* [WHAT IS REQUIRED]: Repeat all the data that appears below, keeping it exact.

* [EXTRACTED DATA]:

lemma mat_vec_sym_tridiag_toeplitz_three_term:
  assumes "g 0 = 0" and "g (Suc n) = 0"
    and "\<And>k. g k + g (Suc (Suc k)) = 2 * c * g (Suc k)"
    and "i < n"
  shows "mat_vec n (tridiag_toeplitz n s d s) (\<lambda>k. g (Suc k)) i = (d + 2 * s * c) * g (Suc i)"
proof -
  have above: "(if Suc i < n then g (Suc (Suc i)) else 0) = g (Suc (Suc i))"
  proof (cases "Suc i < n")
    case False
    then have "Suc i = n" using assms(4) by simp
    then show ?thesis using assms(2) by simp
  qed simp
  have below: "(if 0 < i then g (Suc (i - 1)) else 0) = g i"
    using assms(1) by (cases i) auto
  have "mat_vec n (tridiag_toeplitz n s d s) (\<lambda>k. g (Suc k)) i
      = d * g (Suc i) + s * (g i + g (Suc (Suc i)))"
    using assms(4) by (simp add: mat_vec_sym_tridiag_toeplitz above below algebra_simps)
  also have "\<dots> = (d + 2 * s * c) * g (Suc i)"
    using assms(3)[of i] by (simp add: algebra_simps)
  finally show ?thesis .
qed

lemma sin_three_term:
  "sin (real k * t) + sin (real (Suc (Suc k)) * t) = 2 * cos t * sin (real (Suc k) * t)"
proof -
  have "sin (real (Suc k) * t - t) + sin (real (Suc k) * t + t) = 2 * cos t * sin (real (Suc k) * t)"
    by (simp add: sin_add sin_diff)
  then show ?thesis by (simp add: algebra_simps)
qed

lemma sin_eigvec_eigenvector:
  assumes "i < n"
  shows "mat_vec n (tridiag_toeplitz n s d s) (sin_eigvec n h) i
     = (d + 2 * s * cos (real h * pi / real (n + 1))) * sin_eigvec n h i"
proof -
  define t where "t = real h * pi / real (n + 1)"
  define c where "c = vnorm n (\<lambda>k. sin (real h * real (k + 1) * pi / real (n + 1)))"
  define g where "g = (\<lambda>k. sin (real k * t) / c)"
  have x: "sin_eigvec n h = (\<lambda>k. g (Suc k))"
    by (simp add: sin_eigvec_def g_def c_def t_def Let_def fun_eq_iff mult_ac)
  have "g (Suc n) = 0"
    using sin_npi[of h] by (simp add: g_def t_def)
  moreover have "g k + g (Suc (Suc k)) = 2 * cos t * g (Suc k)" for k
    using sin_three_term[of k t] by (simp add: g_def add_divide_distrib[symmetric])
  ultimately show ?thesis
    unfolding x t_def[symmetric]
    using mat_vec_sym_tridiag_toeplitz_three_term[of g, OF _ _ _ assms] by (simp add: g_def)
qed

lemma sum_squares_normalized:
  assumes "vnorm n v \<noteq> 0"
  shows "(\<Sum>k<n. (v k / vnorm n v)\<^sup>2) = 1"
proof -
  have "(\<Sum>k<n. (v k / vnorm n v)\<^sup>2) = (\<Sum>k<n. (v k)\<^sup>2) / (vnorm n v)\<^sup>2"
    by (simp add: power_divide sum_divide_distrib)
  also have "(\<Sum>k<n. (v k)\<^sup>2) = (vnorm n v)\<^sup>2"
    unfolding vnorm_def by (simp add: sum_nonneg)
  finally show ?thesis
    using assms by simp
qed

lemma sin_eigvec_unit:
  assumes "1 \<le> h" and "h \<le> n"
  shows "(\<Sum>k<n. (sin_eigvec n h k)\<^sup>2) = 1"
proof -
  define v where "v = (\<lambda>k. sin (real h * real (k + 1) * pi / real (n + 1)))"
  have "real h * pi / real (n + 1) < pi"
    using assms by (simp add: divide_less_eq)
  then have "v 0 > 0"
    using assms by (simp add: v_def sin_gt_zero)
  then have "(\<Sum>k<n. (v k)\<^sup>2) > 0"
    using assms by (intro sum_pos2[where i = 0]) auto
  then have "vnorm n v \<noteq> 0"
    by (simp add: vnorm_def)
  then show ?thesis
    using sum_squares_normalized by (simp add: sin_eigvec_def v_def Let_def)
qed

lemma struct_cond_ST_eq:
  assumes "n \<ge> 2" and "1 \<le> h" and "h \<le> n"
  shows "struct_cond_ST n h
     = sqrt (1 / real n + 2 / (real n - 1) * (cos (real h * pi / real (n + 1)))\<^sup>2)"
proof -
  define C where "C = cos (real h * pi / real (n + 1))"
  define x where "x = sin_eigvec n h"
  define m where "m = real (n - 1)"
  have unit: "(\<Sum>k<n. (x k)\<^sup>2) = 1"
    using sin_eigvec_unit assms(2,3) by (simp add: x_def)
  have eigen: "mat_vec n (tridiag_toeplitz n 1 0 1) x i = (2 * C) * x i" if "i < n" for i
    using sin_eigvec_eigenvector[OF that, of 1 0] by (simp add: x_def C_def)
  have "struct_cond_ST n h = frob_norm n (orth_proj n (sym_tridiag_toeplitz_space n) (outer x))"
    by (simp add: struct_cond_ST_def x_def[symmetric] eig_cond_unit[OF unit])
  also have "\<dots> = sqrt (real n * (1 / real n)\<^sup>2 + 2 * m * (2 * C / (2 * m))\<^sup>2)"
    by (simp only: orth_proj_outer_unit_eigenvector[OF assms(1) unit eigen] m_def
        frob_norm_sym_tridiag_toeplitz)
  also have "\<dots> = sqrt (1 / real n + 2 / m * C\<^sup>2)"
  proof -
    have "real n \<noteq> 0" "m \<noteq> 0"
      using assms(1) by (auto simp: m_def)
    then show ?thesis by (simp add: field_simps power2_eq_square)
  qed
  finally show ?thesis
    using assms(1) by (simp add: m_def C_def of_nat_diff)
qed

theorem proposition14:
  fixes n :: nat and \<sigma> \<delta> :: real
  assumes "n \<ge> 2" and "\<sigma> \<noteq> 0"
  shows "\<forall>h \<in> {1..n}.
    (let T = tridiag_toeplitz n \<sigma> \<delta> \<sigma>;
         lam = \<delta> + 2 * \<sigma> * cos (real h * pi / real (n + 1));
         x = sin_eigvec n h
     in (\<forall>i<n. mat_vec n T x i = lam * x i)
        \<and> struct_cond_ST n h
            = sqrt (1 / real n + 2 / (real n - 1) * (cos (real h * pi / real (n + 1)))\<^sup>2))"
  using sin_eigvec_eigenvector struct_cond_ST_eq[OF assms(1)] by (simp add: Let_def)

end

* [SOLUTION]:
lemma mat_vec_sym_tridiag_toeplitz_three_term:
  assumes "g 0 = 0" and "g (Suc n) = 0"
    and "\<And>k. g k + g (Suc (Suc k)) = 2 * c * g (Suc k)"
    and "i < n"
  shows "mat_vec n (tridiag_toeplitz n s d s) (\<lambda>k. g (Suc k)) i = (d + 2 * s * c) * g (Suc i)"
proof -
  have above: "(if Suc i < n then g (Suc (Suc i)) else 0) = g (Suc (Suc i))"
  proof (cases "Suc i < n")
    case False
    then have "Suc i = n" using assms(4) by simp
    then show ?thesis using assms(2) by simp
  qed simp
  have below: "(if 0 < i then g (Suc (i - 1)) else 0) = g i"
    using assms(1) by (cases i) auto
  have "mat_vec n (tridiag_toeplitz n s d s) (\<lambda>k. g (Suc k)) i
      = d * g (Suc i) + s * (g i + g (Suc (Suc i)))"
    using assms(4) by (simp add: mat_vec_sym_tridiag_toeplitz above below algebra_simps)
  also have "\<dots> = (d + 2 * s * c) * g (Suc i)"
    using assms(3)[of i] by (simp add: algebra_simps)
  finally show ?thesis .
qed

lemma sin_three_term:
  "sin (real k * t) + sin (real (Suc (Suc k)) * t) = 2 * cos t * sin (real (Suc k) * t)"
proof -
  have "sin (real (Suc k) * t - t) + sin (real (Suc k) * t + t) = 2 * cos t * sin (real (Suc k) * t)"
    by (simp add: sin_add sin_diff)
  then show ?thesis by (simp add: algebra_simps)
qed

lemma sin_eigvec_eigenvector:
  assumes "i < n"
  shows "mat_vec n (tridiag_toeplitz n s d s) (sin_eigvec n h) i
     = (d + 2 * s * cos (real h * pi / real (n + 1))) * sin_eigvec n h i"
proof -
  define t where "t = real h * pi / real (n + 1)"
  define c where "c = vnorm n (\<lambda>k. sin (real h * real (k + 1) * pi / real (n + 1)))"
  define g where "g = (\<lambda>k. sin (real k * t) / c)"
  have x: "sin_eigvec n h = (\<lambda>k. g (Suc k))"
    by (simp add: sin_eigvec_def g_def c_def t_def Let_def fun_eq_iff mult_ac)
  have "g (Suc n) = 0"
    using sin_npi[of h] by (simp add: g_def t_def)
  moreover have "g k + g (Suc (Suc k)) = 2 * cos t * g (Suc k)" for k
    using sin_three_term[of k t] by (simp add: g_def add_divide_distrib[symmetric])
  ultimately show ?thesis
    unfolding x t_def[symmetric]
    using mat_vec_sym_tridiag_toeplitz_three_term[of g, OF _ _ _ assms] by (simp add: g_def)
qed

lemma sum_squares_normalized:
  assumes "vnorm n v \<noteq> 0"
  shows "(\<Sum>k<n. (v k / vnorm n v)\<^sup>2) = 1"
proof -
  have "(\<Sum>k<n. (v k / vnorm n v)\<^sup>2) = (\<Sum>k<n. (v k)\<^sup>2) / (vnorm n v)\<^sup>2"
    by (simp add: power_divide sum_divide_distrib)
  also have "(\<Sum>k<n. (v k)\<^sup>2) = (vnorm n v)\<^sup>2"
    unfolding vnorm_def by (simp add: sum_nonneg)
  finally show ?thesis
    using assms by simp
qed

lemma sin_eigvec_unit:
  assumes "1 \<le> h" and "h \<le> n"
  shows "(\<Sum>k<n. (sin_eigvec n h k)\<^sup>2) = 1"
proof -
  define v where "v = (\<lambda>k. sin (real h * real (k + 1) * pi / real (n + 1)))"
  have "real h * pi / real (n + 1) < pi"
    using assms by (simp add: divide_less_eq)
  then have "v 0 > 0"
    using assms by (simp add: v_def sin_gt_zero)
  then have "(\<Sum>k<n. (v k)\<^sup>2) > 0"
    using assms by (intro sum_pos2[where i = 0]) auto
  then have "vnorm n v \<noteq> 0"
    by (simp add: vnorm_def)
  then show ?thesis
    using sum_squares_normalized by (simp add: sin_eigvec_def v_def Let_def)
qed

lemma struct_cond_ST_eq:
  assumes "n \<ge> 2" and "1 \<le> h" and "h \<le> n"
  shows "struct_cond_ST n h
     = sqrt (1 / real n + 2 / (real n - 1) * (cos (real h * pi / real (n + 1)))\<^sup>2)"
proof -
  define C where "C = cos (real h * pi / real (n + 1))"
  define x where "x = sin_eigvec n h"
  define m where "m = real (n - 1)"
  have unit: "(\<Sum>k<n. (x k)\<^sup>2) = 1"
    using sin_eigvec_unit assms(2,3) by (simp add: x_def)
  have eigen: "mat_vec n (tridiag_toeplitz n 1 0 1) x i = (2 * C) * x i" if "i < n" for i
    using sin_eigvec_eigenvector[OF that, of 1 0] by (simp add: x_def C_def)
  have "struct_cond_ST n h = frob_norm n (orth_proj n (sym_tridiag_toeplitz_space n) (outer x))"
    by (simp add: struct_cond_ST_def x_def[symmetric] eig_cond_unit[OF unit])
  also have "\<dots> = sqrt (real n * (1 / real n)\<^sup>2 + 2 * m * (2 * C / (2 * m))\<^sup>2)"
    by (simp only: orth_proj_outer_unit_eigenvector[OF assms(1) unit eigen] m_def
        frob_norm_sym_tridiag_toeplitz)
  also have "\<dots> = sqrt (1 / real n + 2 / m * C\<^sup>2)"
  proof -
    have "real n \<noteq> 0" "m \<noteq> 0"
      using assms(1) by (auto simp: m_def)
    then show ?thesis by (simp add: field_simps power2_eq_square)
  qed
  finally show ?thesis
    using assms(1) by (simp add: m_def C_def of_nat_diff)
qed

theorem proposition14:
  fixes n :: nat and \<sigma> \<delta> :: real
  assumes "n \<ge> 2" and "\<sigma> \<noteq> 0"
  shows "\<forall>h \<in> {1..n}.
    (let T = tridiag_toeplitz n \<sigma> \<delta> \<sigma>;
         lam = \<delta> + 2 * \<sigma> * cos (real h * pi / real (n + 1));
         x = sin_eigvec n h
     in (\<forall>i<n. mat_vec n T x i = lam * x i)
        \<and> struct_cond_ST n h
            = sqrt (1 / real n + 2 / (real n - 1) * (cos (real h * pi / real (n + 1)))\<^sup>2))"
  using sin_eigvec_eigenvector struct_cond_ST_eq[OF assms(1)] by (simp add: Let_def)

end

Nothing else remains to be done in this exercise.